In theory, capitalism tends to be presented as impersonal and decentralised. In practice, however, its most important phases are often driven forward by individuals.

 

Time and again, towering, quasi-autocratic figures have gained control over large swathes of the economy.

 

The men currently propelling AI may not necessarily be among their number. But if history is any guide, a Rockefeller or Ford is likely to emerge soon enough.” [1]

 

What person in Chinese AI can become Ford of AI application in economy?

 

Kai-Fu Lee is the most prominent figure positioned to be the "Ford of AI application" in China, focused on transforming AI from research into industrial applications (manufacturing, supply chains) to drive the real economy. As CEO of Sinovation Ventures, he has pivoted toward GenAI applications in finance.

 

Key figures driving industrial AI adoption in China include:

 

    Kai-Fu Lee (Sinovation Ventures): A prominent voice arguing that China's strength lies in AI implementation, specifically in improving manufacturing and supply chain efficiency, making AI accessible for practical economic use.
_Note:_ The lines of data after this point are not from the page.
lemma diag_fun_commute_of_square_commute:
  fixes S S' M :: "real mat"
  assumes S: "S \<in> carrier_mat r r" and S': "S' \<in> carrier_mat r r" and M: "M \<in> carrier_mat r r"
    and S_nonneg: "\<forall>i<r. S $$ (i,i) \<ge> 0" and S'_nonneg: "\<forall>i<r. S' $$ (i,i) \<ge> 0"
    and square_commute: "diag_fun (\<lambda>s. s * s) S' * M = M * diag_fun (\<lambda>s. s * s) S"
  shows "diag_fun g S' * M = M * diag_fun g S"
proof (rule eq_matI)
  fix i j assume "i < dim_row (M * diag_fun g S)" "j < dim_col (M * diag_fun g S)"
  hence ij: "i < r" "j < r" using S M by auto
  have index_left: "(diag_fun h S' * M) $$ (i,j) = h (S' $$ (i,i)) * M $$ (i,j)" for h
    using ij S' M by (subst index_diag_fun_mult) auto
  have index_right: "(M * diag_fun h S) $$ (i,j) = M $$ (i,j) * h (S $$ (j,j))" for h
    using ij S M by (subst index_mult_diag_fun) auto
  have "g (S' $$ (i,i)) * M $$ (i,j) = M $$ (i,j) * g (S $$ (j,j))"
  proof (cases "M $$ (i,j) = 0")
    case False
    have "S' $$ (i,i) * S' $$ (i,i) * M $$ (i,j) = (diag_fun (\<lambda>s. s * s) S' * M) $$ (i,j)"
      by (rule index_left[symmetric])
    also have "\<dots> = M $$ (i,j) * (S $$ (j,j) * S $$ (j,j))"
      unfolding square_commute by (rule index_right)
    finally have "S' $$ (i,i) * S' $$ (i,i) * M $$ (i,j) = M $$ (i,j) * (S $$ (j,j) * S $$ (j,j))" .
    with False have "(S' $$ (i,i))\<^sup>2 = (S $$ (j,j))\<^sup>2"
      by (simp add: power2_eq_square)
    with S_nonneg S'_nonneg ij have "S' $$ (i,i) = S $$ (j,j)"
      by (simp add: power2_eq_iff_nonneg)
    then show ?thesis by simp
  qed simp
  then show "(diag_fun g S' * M) $$ (i,j) = (M * diag_fun g S) $$ (i,j)"
    by (simp add: index_left index_right)
qed (use S S' M in auto)

text \<open>
  Two factorizations \<open>U' S' V'\<^sup>T = U S V\<^sup>T\<close> with orthogonal \<open>V, V'\<close> and nonnegative diagonal
  \<open>S, S'\<close> agree on \<open>V f(S) U\<^sup>T\<close> and \<open>U g(S) U\<^sup>T\<close> whenever \<open>f(s) = s k(s)\<close> and
  \<open>g(s) = s\<^sup>2 k(s)\<close>: the matrix \<open>M = V'\<^sup>T V\<close> intertwines \<open>S'\<^sup>2\<close> and \<open>S\<^sup>2\<close> (compare the two
  expressions for the Gram matrix), hence every function of \<open>S'\<close> and \<open>S\<close>. Only \<open>S U\<^sup>T U S = S\<^sup>2\<close>
  is required of \<open>U\<close>, so columns belonging to zero singular values are unconstrained.
\<close>

lemma svd_gram_intertwiner:
  fixes U S V U' S' V' :: "real mat"
  assumes U: "U \<in> carrier_mat n r" and S: "S \<in> carrier_mat r r" and V: "V \<in> carrier_mat r r"
    and U': "U' \<in> carrier_mat n r" and S': "S' \<in> carrier_mat r r" and V': "V' \<in> carrier_mat r r"
    and S_diag: "\<forall>i<r. \<forall>j<r. i \<noteq> j \<longrightarrow> S $$ (i,j) = 0"
    and S'_diag: "\<forall>i<r. \<forall>j<r. i \<noteq> j \<longrightarrow> S' $$ (i,j) = 0"
    and VV: "transpose_mat V * V = 1\<^sub>m r" and V'V': "transpose_mat V' * V' = 1\<^sub>m r"
    and U'U': "transpose_mat U' * U' = 1\<^sub>m r"
    and SUUS: "S * (transpose_mat U * (U * S)) = diag_fun (\<lambda>s. s * s) S"
    and svd_eq: "U' * (S' * transpose_mat V') = U * (S * transpose_mat V)"
  shows "diag_fun (\<lambda>s. s * s) S' * (transpose_mat V' * V) = transpose_mat V' * V * diag_fun (\<lambda>s. s * s) S"
proof -
  have d: "dim_row U = n" "dim_col U = r" "dim_row S = r" "dim_col S = r" "dim_row V = r" "dim_col V = r"
    "dim_row U' = n" "dim_col U' = r" "dim_row S' = r" "dim_col S' = r" "dim_row V' = r" "dim_col V' = r"
    using assms by auto
  have V'V't: "V' * transpose_mat V' = 1\<^sub>m r" by (rule orthogonal_mult_transpose[OF V' V'V'])
  have cancel: "\<And>R. dim_row R = r \<Longrightarrow> transpose_mat V * (V * R) = R"
    "\<And>R. dim_row R = r \<Longrightarrow> transpose_mat V' * (V' * R) = R"
    "\<And>R. dim_row R = r \<Longrightarrow> V' * (transpose_mat V' * R) = R"
    "\<And>R. dim_row R = r \<Longrightarrow> transpose_mat U' * (U' * R) = R"
    using VV V'V' V'V't U'U' by (simp_all add: mult_assoc_dim[symmetric] d)
  have S_sym: "transpose_mat S = S" "transpose_mat S' = S'"
    using transpose_diag_fun[of S "\<lambda>s. s"] transpose_diag_fun[of S' "\<lambda>s. s"] d
      diag_fun_id[OF S S_diag] diag_fun_id[OF S' S'_diag] by auto
  have S'S': "S' * S' = diag_fun (\<lambda>s. s * s) S'"
    using diag_fun_mult[of S' "\<lambda>s. s" "\<lambda>s. s"] diag_fun_id[OF S' S'_diag] d by simp
  define D where "D = U * (S * transpose_mat V)"
  have gram: "transpose_mat D * D = V * (diag_fun (\<lambda>s. s * s) S * transpose_mat V)"
    unfolding D_def by (simp add: mat_dim_simps d S_sym SUUS[symmetric])
  have gram': "transpose_mat D * D = V' * (diag_fun (\<lambda>s. s * s) S' * transpose_mat V')"
    unfolding D_def svd_eq[symmetric] by (simp add: mat_dim_simps d S_sym cancel S'S'[symmetric])
  have "transpose_mat V' * (transpose_mat D * D) * V = diag_fun (\<lambda>s. s * s) S' * (transpose_mat V' * V)"
    unfolding gram' by (simp add: mult_assoc_dim d cancel)
  moreover have "transpose_mat V' * (transpose_mat D * D) * V = transpose_mat V' * V * diag_fun (\<lambda>s. s * s) S"
    unfolding gram by (simp add: mult_assoc_dim d cancel VV)
  ultimately show ?thesis by simp
qed

lemma svd_calculus_unique:
  fixes U S V U' S' V' :: "real mat"
  assumes U: "U \<in> carrier_mat n r" and S: "S \<in> carrier_mat r r" and V: "V \<in> carrier_mat r r"
    and U': "U' \<in> carrier_mat n r" and S': "S' \<in> carrier_mat r r" and V': "V' \<in> carrier_mat r r"
    and S_diag: "\<forall>i<r. \<forall>j<r. i \<noteq> j \<longrightarrow> S $$ (i,j) = 0" and S_nonneg: "\<forall>i<r. S $$ (i,i) \<ge> 0"
    and S'_diag: "\<forall>i<r. \<forall>j<r. i \<noteq> j \<longrightarrow> S' $$ (i,j) = 0" and S'_nonneg: "\<forall>i<r. S' $$ (i,i) \<ge> 0"
    and VV: "transpose_mat V * V = 1\<^sub>m r" and V'V': "transpose_mat V' * V' = 1\<^sub>m r"
    and U'U': "transpose_mat U' * U' = 1\<^sub>m r"
    and SUUS: "S * (transpose_mat U * (U * S)) = diag_fun (\<lambda>s. s * s) S"
    and svd_eq: "U' * (S' * transpose_mat V') = U * (S * transpose_mat V)"
  shows "V' * (diag_fun (\<lambda>s. s * k s) S' * transpose_mat U') = V * (diag_fun (\<lambda>s. s * k s) S * transpose_mat U)"
    and "U' * (diag_fun (\<lambda>s. s * s * k s) S' * transpose_mat U') = U * (diag_fun (\<lambda>s. s * s * k s) S * transpose_mat U)"
proof -
  have d: "dim_row U = n" "dim_col U = r" "dim_row S = r" "dim_col S = r" "dim_row V = r" "dim_col V = r"
    "dim_row U' = n" "dim_col U' = r" "dim_row S' = r" "dim_col S' = r" "dim_row V' = r" "dim_col V' = r"
    using assms by auto
  have S_id: "diag_fun (\<lambda>s. s) S = S" and S'_id: "diag_fun (\<lambda>s. s) S' = S'"
    using diag_fun_id[OF S S_diag] diag_fun_id[OF S' S'_diag] .
  have S_sym: "transpose_mat S = S" "transpose_mat S' = S'"
    using transpose_diag_fun[of S "\<lambda>s. s"] transpose_diag_fun[of S' "\<lambda>s. s"] d S_id S'_id by auto
  define M where "M = transpose_mat V' * V"
  have M: "M \<in> carrier_mat r r" by (simp add: M_def d carrier_matI)
  hence Md: "dim_row M = r" "dim_col M = r" by auto
  have intertwine: "diag_fun g S' * M = M * diag_fun g S" for g
    using diag_fun_commute_of_square_commute[OF S S' M S_nonneg S'_nonneg]
      svd_gram_intertwiner[OF U S V U' S' V' S_diag S'_diag VV V'V' U'U' SUUS svd_eq]
    unfolding M_def by blast
  have "transpose_mat M * M = transpose_mat V * (V' * transpose_mat V') * V"
    unfolding M_def by (simp add: transpose_mult_dim mult_assoc_dim d)
  then have MM: "transpose_mat M * M = 1\<^sub>m r"
    unfolding orthogonal_mult_transpose[OF V' V'V'] using VV d by simp
  have U'S': "U' * S' = U * (S * transpose_mat M)"
  proof -
    have "U' * S' = U' * (S' * transpose_mat V') * V'" by (simp add: mult_assoc_dim d V'V')
    also have "\<dots> = U * (S * transpose_mat M)" unfolding svd_eq M_def by (simp add: mat_dim_simps d)
    finally show ?thesis .
  qed
  have S'U': "S' * transpose_mat U' = M * (S * transpose_mat U)"
    using arg_cong[OF U'S', of transpose_mat] M by (simp add: mat_dim_simps d S_sym)
  have split_k: "diag_fun (\<lambda>s. s * k s) S'' = diag_fun k S'' * S''"
    if "S'' \<in> carrier_mat r r" "diag_fun (\<lambda>s. s) S'' = S''" for S''
    using diag_fun_mult[of S'' k "\<lambda>s. s"] that by (auto simp: mult.commute)
  show "V' * (diag_fun (\<lambda>s. s * k s) S' * transpose_mat U') = V * (diag_fun (\<lambda>s. s * k s) S * transpose_mat U)"
  proof -
    have "V' * (diag_fun (\<lambda>s. s * k s) S' * transpose_mat U') = V' * (diag_fun k S' * M * (S * transpose_mat U))"
      unfolding split_k[OF S' S'_id] by (simp add: mult_assoc_dim d Md S'U')
    also have "\<dots> = V' * transpose_mat V' * V * (diag_fun k S * (S * transpose_mat U))"
      unfolding intertwine unfolding M_def by (simp add: mult_assoc_dim d)
    also have "\<dots> = V * (diag_fun (\<lambda>s. s * k s) S * transpose_mat U)"
      unfolding orthogonal_mult_transpose[OF V' V'V'] split_k[OF S S_id] using V by (simp add: mult_assoc_dim d)
    finally show ?thesis .
  qed
  have split_kk: "diag_fun (\<lambda>s. s * s * k s) S'' = S'' * (diag_fun k S'' * S'')"
    if "S'' \<in> carrier_mat r r" "diag_fun (\<lambda>s. s) S'' = S''" for S''
    using diag_fun_mult[of S'' "\<lambda>s. s" "\<lambda>s. k s * s"] diag_fun_mult[of S'' k "\<lambda>s. s"] that
    by (auto simp: mult.commute mult.left_commute)
  have MkM: "transpose_mat M * (diag_fun k S' * M) = diag_fun k S"
    unfolding intertwine by (simp add: mult_assoc_dim[symmetric] d Md MM)
  show "U' * (diag_fun (\<lambda>s. s * s * k s) S' * transpose_mat U') = U * (diag_fun (\<lambda>s. s * s * k s) S * transpose_mat U)"
  proof -
    have "U' * (diag_fun (\<lambda>s. s * s * k s) S' * transpose_mat U') = U' * S' * diag_fun k S' * (S' * transpose_mat U')"
      unfolding split_kk[OF S' S'_id] by (simp add: mult_assoc_dim d)
    also have "\<dots> = U * (S * transpose_mat M) * diag_fun k S' * (M * (S * transpose_mat U))"
      unfolding U'S' S'U' ..
    also have "\<dots> = U * (S * ((transpose_mat M * (diag_fun k S' * M)) * (S * transpose_mat U)))"
      by (simp add: mult_assoc_dim d Md)
    also have "\<dots> = U * (diag_fun (\<lambda>s. s * s * k s) S * transpose_mat U)"
      unfolding MkM split_kk[OF S S_id] by (simp add: mult_assoc_dim d)
    finally show ?thesis .
  qed
qed

lemma transp_expand:
  assumes "X \<in> carrier_mat n r" "U \<in> carrier_mat n r" "S \<in> carrier_mat r r" "V \<in> carrier_mat r r"
  shows "transp X U S V t = 1\<^sub>m n + - (X * (V * (diag_fun (\<lambda>s. sin (s*t)) S * transpose_mat U)))
     + U * (diag_fun (\<lambda>s. cos (s*t) - 1) S * transpose_mat U)"
proof -
  have cos_split: "diag_fun (\<lambda>s. cos (s*t)) S = diag_fun (\<lambda>s. cos (s*t) - 1) S + 1\<^sub>m r"
    using assms by (intro eq_matI) auto
  show ?thesis
    unfolding transp_def cos_split using assms
    by (simp add: mat_dim_simps minus_eq_add_uminus_dim, intro eq_matI) auto
qed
    Zhang Yaqin (Tsinghua University): As dean of the Institute for AI Industry Research, he is critical in bridging the gap between cutting-edge research and industrial application.

    Robin Li (Baidu): As leader of one of China’s top "national champions," he oversees major investments in autonomous driving and enterprise-focused AI, crucial to integrating AI into infrastructure.

    Qwen Team (Alibaba): The developers behind Alibaba's Qwen models have created the largest open-source model ecosystem, driving massive adoption of Chinese AI tools across the economy.

 

China's 2025–2030 strategy emphasizes adopting AI in 90% of its economy, aiming for pervasive, affordable AI application over groundbreaking, expensive foundational models.

 

1. Tycoon capitalism. The Economist; London Vol. 459, Iss. 9495,  (Apr 18, 2026): 69, 70, 71.